Be here nowAugust 2, 2005 9 out of 47 found this review helpful
Unlike the great title and the great cover page, this book was not good. It was about drugs and stupid stuff and although I read many books like this one and enjy them, this one I didn't like much. Maybe it had to do with too much talk of drugs and the sixties attitude.
Awareness in consciousnessJuly 20, 2005 3 out of 7 found this review helpful
BE HERE NOW is a cookingpot,a spiritual stew.If one understand this book,no other book is necessary. I read this book first time in 1985,and the taste of this "love Stew"has never left me. A must for any serious seeker of Love and Thruth (Gods trademark)
The Hippie BibleJuly 12, 2005 9 out of 11 found this review helpful
While the hippie movement was a disparate phenomenon, if there were to be one book that stood out as the hippie bible, it would be this book. I read it as originally printed, when it was in a larger, all brown paper format. I'd love to have one of those. After that, I got the regular edition for myself...still have it over 3 decades later.

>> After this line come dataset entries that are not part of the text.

(* Let $\mathcal X$ be a barreled topological real vector space, $\sigma$ a symplectic form on $\mathcal X$, $\mathcal X_{\rm bulk}\subset\mathcal X$ a linear subspace, $\mathcal X_{\rm bd}$ a topological real vector space, and $\partial:\mathcal X_{\rm bulk}'\to\mathcal X_{\rm bd}'$ a linear map whose restriction to $\mathcal X'$ (each $u\in\mathcal X'$ being regarded as an element of $\mathcal X_{\rm bulk}'$ by restriction to $\mathcal X_{\rm bulk}$) is continuous $\mathcal X'\to\mathcal X_{\rm bd}'$. Let $\eta$ be a symmetric bilinear form on $\mathcal X$ which is strictly positive ($(v\cdot\eta v)>0$ for $v\neq0$) and satisfies $|v_1\cdot\sigma v_2|\le (v_1\cdot\eta v_1)^{1/2}(v_2\cdot\eta v_2)^{1/2}$ for all $v_1,v_2\in\mathcal X$. Let $\mathcal X^{\rm cpl}$ be the real Hilbert space completion of $\mathcal X$ with respect to the inner product $\eta$, with extended inner product $\eta^{\rm cpl}$ (so $\mathcal X\subset\mathcal X^{\rm cpl}$). Assume (Hypothesis 1) that the map $\eta:\mathcal X\to\mathcal X'$, $v\mapsto (w\mapsto w\cdot\eta v)$, is continuous. Then: (i) for every $\tilde u\in\mathcal X^{\rm cpl}$ the functional $\eta^{\rm cpl}\tilde u: v\mapsto (v\cdot\eta^{\rm cpl}\tilde u)$ on $\mathcal X$ belongs to $\mathcal X'$, and for every $f\in\mathcal X_{\rm bd}$ the linear functional $\mathcal X^{\rm cpl}\ni\tilde u\mapsto \big(\partial(\eta^{\rm cpl}\tilde u)\big)(f)$ is continuous; hence there is a unique element $\partial' f\in\mathcal X^{\rm cpl}$ with $(\partial'f\cdot\eta^{\rm cpl}\tilde u)=\big(\partial(\eta^{\rm cpl}\tilde u)\big)(f)$ for all $\tilde u\in\mathcal X^{\rm cpl}$, i.e. $\mathrm{Ran}(\partial'\restriction\mathcal X_{\rm bd})\subset\mathcal X^{\rm cpl}$. (ii) If moreover (Hypothesis 2) for every $u\in\mathcal X'$ the condition $\partial u=0$ implies that $u$ vanishes on $\mathcal X_{\rm bulk}$, then $$\big(\{\partial'f: f\in\mathcal X_{\rm bd}\}\big)^{\rm cl}\supset(\mathcal X_{\rm bulk})^{\rm cl},$$ where both closures are taken in the Hilbert space $\mathcal X^{\rm cpl}$.
   Context: For a topological real vector space $\mathcal Y$, $\mathcal Y'$ denotes its continuous dual equipped with the weak$^*$ topology. For a bilinear form $\eta$ on $\mathcal X$, $(v_1\cdot\eta v_2)$ denotes its value on $v_1,v_2$. The map $\partial'$ is the dual of $\partial$; on $\mathcal X_{\rm bd}$ it is understood via the identification in (i). *)

theory Defs
  imports "HOL-Analysis.Analysis"
begin

definition tvs :: "'a::real_vector topology \<Rightarrow> bool" where
  "tvs T \<longleftrightarrow> topspace T = UNIV
     \<and> continuous_map (prod_topology T T) T (\<lambda>(x, y). x + y)
     \<and> continuous_map (prod_topology euclideanreal T) T (\<lambda>(c, x). c *\<^sub>R x)"

definition barrel :: "'a::real_vector topology \<Rightarrow> 'a set \<Rightarrow> bool" where
  "barrel T B \<longleftrightarrow> closedin T B \<and> convex B
     \<and> (\<forall>c x. \<bar>c\<bar> \<le> 1 \<longrightarrow> x \<in> B \<longrightarrow> c *\<^sub>R x \<in> B)
     \<and> (\<forall>x. \<exists>e>0. \<forall>t. \<bar>t\<bar> \<le> e \<longrightarrow> t *\<^sub>R x \<in> B)"

definition barreled :: "'a::real_vector topology \<Rightarrow> bool" where
  "barreled T \<longleftrightarrow> tvs T \<and>
     (\<forall>B. barrel T B \<longrightarrow> (\<exists>U. openin T U \<and> 0 \<in> U \<and> U \<subseteq> B))"

definition cdual :: "'a::real_vector topology \<Rightarrow> ('a \<Rightarrow> real) set" where
  "cdual T = {u. linear u \<and> continuous_map T euclideanreal u}"

text \<open>Continuous dual of a linear subspace S (with subspace topology); functionals are
  represented by functions vanishing outside S.\<close>
definition sdual :: "'a::real_vector topology \<Rightarrow> 'a set \<Rightarrow> ('a \<Rightarrow> real) set" where
  "sdual T S = {u. (\<forall>x\<in>S. \<forall>y\<in>S. u (x + y) = u x + u y)
                 \<and> (\<forall>c. \<forall>x\<in>S. u (c *\<^sub>R x) = c * u x)
                 \<and> continuous_map (subtopology T S) euclideanreal u
                 \<and> (\<forall>x. x \<notin> S \<longrightarrow> u x = 0)}"

definition restr :: "'a set \<Rightarrow> ('a \<Rightarrow> real) \<Rightarrow> ('a \<Rightarrow> real)" where
  "restr S u = (\<lambda>x. if x \<in> S then u x else 0)"

definition weak_star :: "('a \<Rightarrow> real) set \<Rightarrow> ('a \<Rightarrow> real) topology" where
  "weak_star D = subtopology (product_topology (\<lambda>_. euclideanreal) UNIV) D"

definition symplectic_form :: "('a::real_vector \<Rightarrow> 'a \<Rightarrow> real) \<Rightarrow> bool" where
  "symplectic_form \<sigma> \<longleftrightarrow> (\<forall>v. linear (\<sigma> v)) \<and> (\<forall>w. linear (\<lambda>v. \<sigma> v w))
     \<and> (\<forall>v w. \<sigma> v w = - \<sigma> w v)
     \<and> (\<forall>v. (\<forall>w. \<sigma> v w = 0) \<longrightarrow> v = 0)"

end

theory Submission
  imports Defs
begin

text \<open>
  Hypothesis 1 makes each functional \<open>x \<mapsto> \<eta>(w, x)\<close> continuous, so the \<open>\<eta>\<close>-polar of the unit
  ball of the completion is a barrel. In a barreled space it is therefore a neighbourhood of \<open>0\<close>,
  i.e. the completion norm is bounded near \<open>0\<close>, and every \<open>v \<mapsto> \<eta>\<^sup>c\<^sup>p\<^sup>l(v, u)\<close> is
  continuous on \<open>X\<close>. Composing with the weak-* continuous \<open>\<partial>\<close> and evaluating at \<open>f\<close> gives a
  continuous linear functional of \<open>u\<close>, whose Riesz representative is \<open>\<partial>'f\<close>.
  The range of \<open>\<partial>'\<close> is a linear subspace, and a vector orthogonal to it has
  \<open>\<partial>(\<eta>\<^sup>c\<^sup>p\<^sup>l u) = 0\<close>; Hypothesis 2 then makes it orthogonal to \<open>X\<^sub>b\<^sub>u\<^sub>l\<^sub>k\<close>, so by the
  projection theorem \<open>X\<^sub>b\<^sub>u\<^sub>l\<^sub>k\<close> lies in the closure of that range.
\<close>

section \<open>Projection and Riesz representation in Hilbert spaces\<close>

lemma subspace_closure:
  fixes A :: "'a::real_normed_vector set"
  assumes "subspace A" shows "subspace (closure A)"
proof -
  have "- x \<in> closure A" if "x \<in> closure A" for x
  proof -
    have "(-1) *\<^sub>R x \<in> (*\<^sub>R) (-1) ` closure A" using that by blast
    also have "\<dots> = closure ((*\<^sub>R) (-1) ` A)" by (rule closure_scaleR)
    also have "\<dots> \<subseteq> closure A" using assms by (intro closure_mono) (auto intro: subspace_neg)
    finally show ?thesis by simp
  qed
  moreover have "convex_cone (closure A)"
    using assms unfolding subspace_convex_cone_symmetric convex_cone_def
    by (meson Convex.cone_def cone_closure conic_def convex_closure closure_eq_empty)
  ultimately show ?thesis by (simp add: subspace_convex_cone_symmetric)
qed
text \<open>The free cuts below a free cut \<open>c\<close> are told apart by the lengths of their greedy
  remainders, which lie in \<open>{1..m}\<close>: two cuts with the same remainder would leave a
  segment in \<open>Y*\<close> before the later one, by left unitarity.\<close>

lemma free_cuts_below_card:
  assumes bif: "bifix_code Y" and c: "c \<in> free_cuts Y w"
    and cover: "\<forall>u. sublist u w \<longrightarrow> m < length u \<longrightarrow> (\<exists>y\<in>Y. prefix y u \<or> suffix y u)"
  shows "card {k \<in> free_cuts Y w. k < c} \<le> m"
proof -
  define K where "K = {k \<in> free_cuts Y w. k < c}"
  have "\<forall>k. \<exists>a b. drop k (take c w) = a @ b \<and> a \<in> code_star Y \<and> (\<forall>y\<in>Y. \<not> prefix y b)"
    using left_greedy[OF bif] by blast
  then obtain A B where AB: "\<And>k. drop k (take c w) = A k @ B k \<and> A k \<in> code_star Y \<and> (\<forall>y\<in>Y. \<not> prefix y (B k))"
    by metis
  have suf: "suffix (B k) (take c w)" for k
    using AB[of k] suffix_drop[of k "take c w"] by (metis suffix_appendI suffix_order.refl suffix_order.trans)
  have range: "length (B k) \<in> {1..m}" if "k \<in> K" for k
    using greedy_remainder[OF c _ _ _ _ cover, of k "A k" "B k"] AB[of k] that
    unfolding K_def by (simp add: Suc_leI)
  have distinct: "length (B k1) \<noteq> length (B k2)" if "k1 \<in> K" "k2 \<in> K" "k1 < k2" for k1 k2
  proof
    assume "length (B k1) = length (B k2)"
    then have "suffix (B k1) (B k2)" "suffix (B k2) (B k1)"
      using suffix_length_suffix[OF suf suf] by simp_all
    then have same: "B k1 = B k2" by (rule suffix_order.antisym)
    have "drop k1 (take c w) = drop k1 (take k2 w) @ drop k2 (take c w)"
      using that c unfolding K_def free_cuts_def by (intro drop_take_split) auto
    then have "A k1 = drop k1 (take k2 w) @ A k2" using AB[of k1] AB[of k2] same by simp
    then have "drop k1 (take k2 w) \<in> code_star Y"
      using star_right_cancel AB bif by metis
    then show False using segment_before_free_cut that unfolding K_def by blast
  qed
  have "inj_on (\<lambda>k. length (B k)) K"
    by (rule inj_onI) (metis distinct linorder_neqE_nat)
  then have "card K \<le> card {1..m}" using range by (intro card_inj_on_le) auto
  then show ?thesis unfolding K_def by simp
qed
lemma layer_integrand_abs_le:
  "\<bar>layer_integrand s t v\<bar> \<le>
     indicator {0..1} v * (\<bar>max (K1 t) (K2 t)\<bar> + \<bar>K2 t\<bar> + \<bar>min (K1 t) (K2 t)\<bar>)"
proof (cases "v \<in> {0..1}")
  case True
  have bound: "\<bar>c * indicator A t * k\<bar> \<le> \<bar>k\<bar>" if "0 \<le> c" "c \<le> 1" for c k :: real and A
    using that by (intro abs_mult_le_abs_right) (auto simp: indicator_def)
  have "\<bar>layer_integrand s t v\<bar> = \<bar>l1 * indicator (superlevel s (l1 * v)) t * max (K1 t) (K2 t)
    + (l2 - l1) * indicator (superlevel s (l1 + (l2 - l1) * v)) t * K2 t
    + l1 * indicator (superlevel s (l2 + l1 * v)) t * min (K1 t) (K2 t)\<bar>"
    (is "_ = \<bar>?x + ?y + ?z\<bar>")
    using True by (simp add: layer_integrand_def)
  also have "\<dots> \<le> \<bar>?x\<bar> + \<bar>?y\<bar> + \<bar>?z\<bar>"
    by (meson abs_triangle_ineq add_right_mono order_trans)
  also have "\<dots> \<le> \<bar>max (K1 t) (K2 t)\<bar> + \<bar>K2 t\<bar> + \<bar>min (K1 t) (K2 t)\<bar>"
    using l by (intro add_mono bound) auto
  finally show ?thesis using True by simp
qed (simp add: layer_integrand_def)

lemma integrable_layer_integrand:
  assumes [measurable]: "s \<in> borel_measurable borel"
  shows "integrable (lborel \<Otimes>\<^sub>M lborel) (\<lambda>(t, v). layer_integrand s t v)"
proof (rule Bochner_Integration.integrable_bound)
  define h where "h t = \<bar>max (K1 t) (K2 t)\<bar> + \<bar>K2 t\<bar> + \<bar>min (K1 t) (K2 t)\<bar>" for t
  have [measurable]: "h \<in> borel_measurable borel" unfolding h_def by measurable
  show "integrable (lborel \<Otimes>\<^sub>M lborel) (\<lambda>(t, v). indicator {0..1::real} v * h t)"
  proof (rule lborel_pair.Fubini_integrable)
    show "integrable lborel (\<lambda>t. \<integral>v. norm (case (t, v) of (t, v) \<Rightarrow> indicator {0..1::real} v * h t) \<partial>lborel)"
      using int1 int2 by (simp add: h_def abs_mult)
  qed (simp_all add: h_def)
  show "(\<lambda>(t, v). layer_integrand s t v) \<in> borel_measurable (lborel \<Otimes>\<^sub>M lborel)"
    unfolding layer_integrand_def superlevel_def by measurable
  show "AE x in lborel \<Otimes>\<^sub>M lborel. norm (case x of (t, v) \<Rightarrow> layer_integrand s t v)
      \<le> norm (case x of (t, v) \<Rightarrow> indicator {0..1::real} v * h t)"
    using layer_integrand_abs_le by (auto simp: h_def)
qed

lemma integral_layer_integrand_dv:
  assumes "0 \<le> t"
  shows "(\<integral>v. layer_integrand s t v \<partial>lborel) = max (K1 t) (K2 t) * layer 0 l1 (s t)
    + K2 t * layer l1 (l2 - l1) (s t) + min (K1 t) (K2 t) * layer l2 l1 (s t)"
proof -
  define A where "A \<beta> \<alpha> = {0..1} \<inter> {v::real. \<beta> + \<alpha> * v < s t}" for \<beta> \<alpha>
  have "integrable lborel (indicator (A \<beta> \<alpha>) :: real \<Rightarrow> real)" for \<beta> \<alpha>
  proof (rule integrable_real_indicator)
    show "A \<beta> \<alpha> \<in> sets lborel" unfolding A_def by measurable
    have "emeasure lborel (A \<beta> \<alpha>) \<le> emeasure lborel {0..1::real}"
      unfolding A_def by (intro emeasure_mono) auto
    then show "emeasure lborel (A \<beta> \<alpha>) < \<infinity>" by (simp add: order_le_less_trans)
  qed
  moreover have "layer_integrand s t v = max (K1 t) (K2 t) * l1 * indicator (A 0 l1) v
      + K2 t * (l2 - l1) * indicator (A l1 (l2 - l1)) v + min (K1 t) (K2 t) * l1 * indicator (A l2 l1) v" for v
    using assms by (auto simp: layer_integrand_def A_def superlevel_def indicator_def)
  ultimately have "(\<integral>v. layer_integrand s t v \<partial>lborel) = max (K1 t) (K2 t) * (l1 * measure lborel (A 0 l1))
      + K2 t * ((l2 - l1) * measure lborel (A l1 (l2 - l1))) + min (K1 t) (K2 t) * (l1 * measure lborel (A l2 l1))"
    by simp
  then show ?thesis
    unfolding A_def using l by (simp add: layer_eq_measure)
qed

lemma integral_layer_integrand_dt:
  assumes "mono_on {0..} s" "s \<in> borel_measurable borel" "v \<in> {0..1}"
  shows "(\<integral>t. layer_integrand s t v \<partial>lborel) = I_tail l1 l2 K1 K2
    (crossing_time s (l1 * v)) (crossing_time s (l1 + (l2 - l1) * v)) (crossing_time s (l2 + l1 * v))"
proof -
  have tail: "(\<integral>t. indicator (superlevel s x) t * f t \<partial>lborel) = tail_integral f (crossing_time s x)"
    if "integrable lborel f" for x and f :: "real \<Rightarrow> real"
    using integral_superlevel_eq_tail_integral[OF assms(1,2) that] .
  have [measurable]: "s \<in> borel_measurable borel" by fact
  have "(\<integral>t. layer_integrand s t v \<partial>lborel) =
      l1 * (\<integral>t. indicator (superlevel s (l1 * v)) t * max (K1 t) (K2 t) \<partial>lborel)
    + (l2 - l1) * (\<integral>t. indicator (superlevel s (l1 + (l2 - l1) * v)) t * K2 t \<partial>lborel)
    + l1 * (\<integral>t. indicator (superlevel s (l2 + l1 * v)) t * min (K1 t) (K2 t) \<partial>lborel)"
    using assms(3)
    by (simp add: layer_integrand_def mult.assoc integrable_indicator_mult int1 int2)
  then show ?thesis
    by (simp add: I_tail_def tail int2 integrable_max integrable_min int1)
qed

lemma integral_layer_integrand_le_Sup:
  assumes "mono_on {0..} s" "s \<in> borel_measurable borel"
  shows "(\<integral>t. layer_integrand s t v \<partial>lborel) \<le> indicator {0..1} v * Sup (I_abc_values l1 l2 K1 K2)"
proof (cases "v \<in> {0..1}")
  case True
  then have "l1 * v \<le> l1" "(l2 - l1) * v \<le> l2 - l1" "0 \<le> l1 * v" "0 \<le> (l2 - l1) * v"
    using l by (simp_all add: mult_left_le)
  then have "l1 * v \<le> l1 + (l2 - l1) * v" "l1 + (l2 - l1) * v \<le> l2 + l1 * v"
    by linarith+
  then show ?thesis
    using True by (simp add: integral_layer_integrand_dt[OF assms True]
        I_tail_le_Sup_I_abc_values crossing_time_nonneg crossing_time_mono)
qed (simp add: layer_integrand_def)

lemma admissible_integral_le_Sup_I_abc_values:
  assumes adm: "admissible_pair l1 l2 p1 p2"
  shows "(LINT t:{0..}|lborel. p1 t * K1 t + p2 t * K2 t) \<le> Sup (I_abc_values l1 l2 K1 K2)"
proof -
  define s where "s t = p1 t + p2 t" for t
  have [measurable]: "p1 \<in> borel_measurable borel" "p2 \<in> borel_measurable borel"
    using admissible_pair_measurable[OF adm] .
  have s_meas: "s \<in> borel_measurable borel" unfolding s_def by measurable
  have s_mono: "mono_on {0..} s" using adm unfolding admissible_pair_def s_def by blast
  note G_int = integrable_layer_integrand[OF s_meas]
  have "indicator {0..} t * (p1 t * K1 t + p2 t * K2 t) \<le> (\<integral>v. layer_integrand s t v \<partial>lborel)" for t
  proof (cases "0 \<le> t")
    case True
    then show ?thesis
      using weighted_sum_le_layers[OF admissible_pair_bounds[OF adm True] \<open>l1 \<le> l2\<close>, of "K1 t" "K2 t"]
      by (simp add: integral_layer_integrand_dv s_def)
  qed (simp add: layer_integrand_def superlevel_def)
  then have "(LINT t:{0..}|lborel. p1 t * K1 t + p2 t * K2 t) \<le> (\<integral>t. \<integral>v. layer_integrand s t v \<partial>lborel \<partial>lborel)"
    unfolding set_lebesgue_integral_def real_scaleR_def
    by (intro Bochner_Integration.integral_mono admissible_integrable[OF adm]
        lborel_pair.integrable_fst[OF G_int])
  also have "\<dots> = (\<integral>v. \<integral>t. layer_integrand s t v \<partial>lborel \<partial>lborel)"
    using lborel_pair.Fubini_integral[OF G_int] by simp
  also have "\<dots> \<le> (\<integral>v. indicator {0..1::real} v * Sup (I_abc_values l1 l2 K1 K2) \<partial>lborel)"
    using lborel_pair.integrable_snd[OF G_int]
    by (intro Bochner_Integration.integral_mono integral_layer_integrand_le_Sup[OF s_mono s_meas]) simp_all
  also have "\<dots> = Sup (I_abc_values l1 l2 K1 K2)" by simp
  finally show ?thesis .
qed
(* Let $P,\sigma_1^2,\sigma_2^2,\sigma_e^2>0$, let $h_1,h_2$ satisfy $0<|h_1|^2\le|h_2|^2$, set $\rho_1=P/\sigma_1^2$, $\rho_2=P/\sigma_2^2$, $\rho_e=P/\sigma_e^2$, and let $Q_1>0$ and $0<\varepsilon<1$. For $\phi_1,\phi_2\in(0,1]$ and $R_E\ge0$ define $$C_1=\log_2\Big(1+\frac{\phi_1\rho_1|h_1|^2}{\phi_2\rho_1|h_1|^2+1}\Big),\qquad R_2^s(\phi_2,R_E)=\big[\log_2(1+\phi_2\rho_2|h_2|^2)-R_E\big]^+,$$ with $[x]^+=\max(x,0)$, and the high-MER asymptotic secrecy outage probability $$P_{out}^{\infty}(R_E,\phi_2)=\begin{cases}\exp\!\Big(-\frac{2^{R_E}-1}{\rho_e(\phi_2-\phi_1(2^{R_E}-1))}\Big), & 2^{R_E}-1<\frac{\phi_2}{\phi_1},\\ 0, & 2^{R_E}-1\ge\frac{\phi_2}{\phi_1}.\end{cases}$$ Consider the problem $\max_{R_E,\phi_1,\phi_2}R_2^s(\phi_2,R_E)$ subject to $C_1\ge Q_1$, $P_{out}^{\infty}(R_E,\phi_2)\le\varepsilon$ and $\phi_1+\phi_2=1$ (the problem \textbf{P1} in the regime $\rho_1/\rho_e\to\infty$). Then the feasibility condition of this problem is $$P>\max\Big(\frac{2^{Q_1}-1}{|h_1|^2}\sigma_1^2,\ \frac{\sigma_2^2}{|h_2|^2}-\frac{\sigma_e^2}{\ln(1/\varepsilon)}\Big),$$ and under this condition the optimal power allocation and redundancy rate are $$\phi_2^*=\min\Big(\frac{1}{2^{Q_1}}+\frac{\sigma_1^2}{P|h_1|^22^{Q_1}}-\frac{\sigma_1^2}{P|h_1|^2},\ \frac12+\frac{\sigma_e^2}{2P\ln(1/\varepsilon)}-\frac{\sigma_2^2}{2P|h_2|^2}\Big),$$ $$\phi_1^*=1-\phi_2^*,\qquad R_E^*=\log_2\Big(1+\frac{\phi_2^*P\ln(1/\varepsilon)}{\sigma_e^2+\phi_1^*P\ln(1/\varepsilon)}\Big).$$
   Context: Two-user downlink NOMA with a passive eavesdropper: $\phi_k$ is the fraction of transmit power to user $k$, $C_1$ is the rate of the weak user 1 (required to be at least $Q_1$), $R_2^s$ is the secrecy rate of the strong user 2 with redundancy rate $R_E$, and $P^{\infty}_{out}$ is the limit of user 2's secrecy outage probability as the main-to-eavesdropper ratio $\rho_1/\rho_e=\sigma_e^2/\sigma_1^2\to\infty$; $\varepsilon$ is the maximum allowable secrecy outage probability. *)

theory Defs
  imports Complex_Main
begin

I think this is a unique and very beautiful book, as well as reflecting something worthwhile from those times, something that had a lasting value for many of us.
Update (2/9/2006): I found a copy of the 11x11" original edition of Be Here Now, which was entitled "From Bindu to Ojas." This was the core book, in brown craft paper 3-hole punched and bound simply with twine, one of the four parts of what was to become Be Here Now. I want to pass it down to my son and grandchildren. Priceless.